After exploring the exhibition on Emily Dickinson’s life at the Morgan Library, I was astounded by the effort placed to recreate what could have been Dickinson’s bedroom, as a platform for the pieces presented. I vividly recall the room being arranged in a chronological order. This provided a smooth transition between important moments in her life, allowing us to easily pinpoint her growth through the years. I admit, the room was dimmer than usual and the colors of the wall gave off a soft, gloomy feeling. This gave it a very isolated yet home-like feeling. I believe the setup of the exhibition presented the isolated and anti-social aspect that was often perceived by Dickinson. Yet, once exposed to her writings, as well as her relationships with others, it would highlight the value of her relationships, and show Dickinson’s true colors, which only few people ever got to meet.

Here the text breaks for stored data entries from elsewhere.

(* Let $F:\mathcal M^S_n\to\mathbb R$ satisfy (H) and be rotationally invariant, and let $F^*$ be its recession function. Then either $\{M:F(M)\le0\}=\{M:\operatorname{tr}M\le0\}$, or there exists $\Lambda_F>1$ such that $\{M:F^*(M)\le0\}\subset\{M:\mathcal P^+_{1,\Lambda_F}(M)\le0\}$.
   Context: $\mathcal M^S_n$ real symmetric matrices. Pucci operators: $\mathcal P^+_{\lambda,\Lambda}(M)=\Lambda\sum_{\mu_i>0}\mu_i+\lambda\sum_{\mu_i<0}\mu_i$, $\mathcal P^-_{\lambda,\Lambda}(M)=\lambda\sum_{\mu_i>0}\mu_i+\Lambda\sum_{\mu_i<0}\mu_i$ ($\mu_i$ eigenvalues). $F$ satisfies (H) if convex, $F(0)=0$, and $\mathcal P^-_{\lambda,\Lambda}(N)\le F(M+N)-F(M)\le\mathcal P^+_{\lambda,\Lambda}(N)$ for all $M,N$ (some $0<\lambda\le\Lambda$). Rotationally invariant: $F(O^TMO)=F(M)$ for orthogonal $O$. Recession function $F^*(A)=\lim_{t\downarrow0}tF(t^{-1}A)$. *)

theory Defs
  imports "HOL-Analysis.Analysis" "HOL-Computational_Algebra.Polynomial"
begin

definition sym_mat :: "real^'n^'n \<Rightarrow> bool" where
  "sym_mat M \<longleftrightarrow> transpose M = M"

definition mtrace :: "real^'n^'n \<Rightarrow> real" where
  "mtrace M = (\<Sum>i\<in>UNIV. M $ i $ i)"

definition charpoly :: "real^'n^'n \<Rightarrow> real poly" where
  "charpoly M = det (\<chi> i j. (if i = j then [:0, 1:] else 0) - [:M $ i $ j:])"

definition pos_eig_sum :: "real^'n^'n \<Rightarrow> real" where
  "pos_eig_sum M = (\<Sum>\<mu>\<in>{\<mu>. \<mu> > 0 \<and> poly (charpoly M) \<mu> = 0}. of_nat (order \<mu> (charpoly M)) * \<mu>)"

definition neg_eig_sum :: "real^'n^'n \<Rightarrow> real" where
  "neg_eig_sum M = (\<Sum>\<mu>\<in>{\<mu>. \<mu> < 0 \<and> poly (charpoly M) \<mu> = 0}. of_nat (order \<mu> (charpoly M)) * \<mu>)"

definition pucci_plus :: "real \<Rightarrow> real \<Rightarrow> real^'n^'n \<Rightarrow> real" where
  "pucci_plus l L M = L * pos_eig_sum M + l * neg_eig_sum M"

definition pucci_minus :: "real \<Rightarrow> real \<Rightarrow> real^'n^'n \<Rightarrow> real" where
  "pucci_minus l L M = l * pos_eig_sum M + L * neg_eig_sum M"

definition hypH :: "real \<Rightarrow> real \<Rightarrow> (real^'n^'n \<Rightarrow> real) \<Rightarrow> bool" where
  "hypH l L F \<longleftrightarrow> 0 < l \<and> l \<le> L \<and>
     convex_on {M. sym_mat M} F \<and> F 0 = 0 \<and>
     (\<forall>M N. sym_mat M \<longrightarrow> sym_mat N \<longrightarrow>
        pucci_minus l L N \<le> F (M + N) - F M \<and> F (M + N) - F M \<le> pucci_plus l L N)"

definition rot_invariant :: "(real^'n^'n \<Rightarrow> real) \<Rightarrow> bool" where
  "rot_invariant F \<longleftrightarrow>
     (\<forall>Q M. orthogonal_matrix Q \<longrightarrow> sym_mat M \<longrightarrow> F (transpose Q ** M ** Q) = F M)"

definition recession :: "(real^'n^'n \<Rightarrow> real) \<Rightarrow> real^'n^'n \<Rightarrow> real" where
  "recession F A = Lim (at_right 0) (\<lambda>t. t * F ((1 / t) *\<^sub>R A))"

end

theory Submission
  imports Defs
begin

Throughout most of the exhibition there was a large focus on Dickinson’s poetry, and a constant emphasis on the progress of her writings. Dickenson, as the tour guide mentioned, wrote 1,789 pieces, while only 12 were published. It surprised me that 7 of those pieces were done without consent and were rather fixed before they were published. I can only imagine how difficult it must have been to write when her own mentor, Higginson, was not completely supportive, and as the tour guide mentioned, was one of the reasons she had refrained from publishing.

Overall, the exhibition provides first hand insight on Dickinson’s life through her written work and relationships while recreating a similar  environment where she invested most of her time in. It was a very interesting and warming experience to experience a gist of her life and learn of the the value in each of her pieces as a woman poet.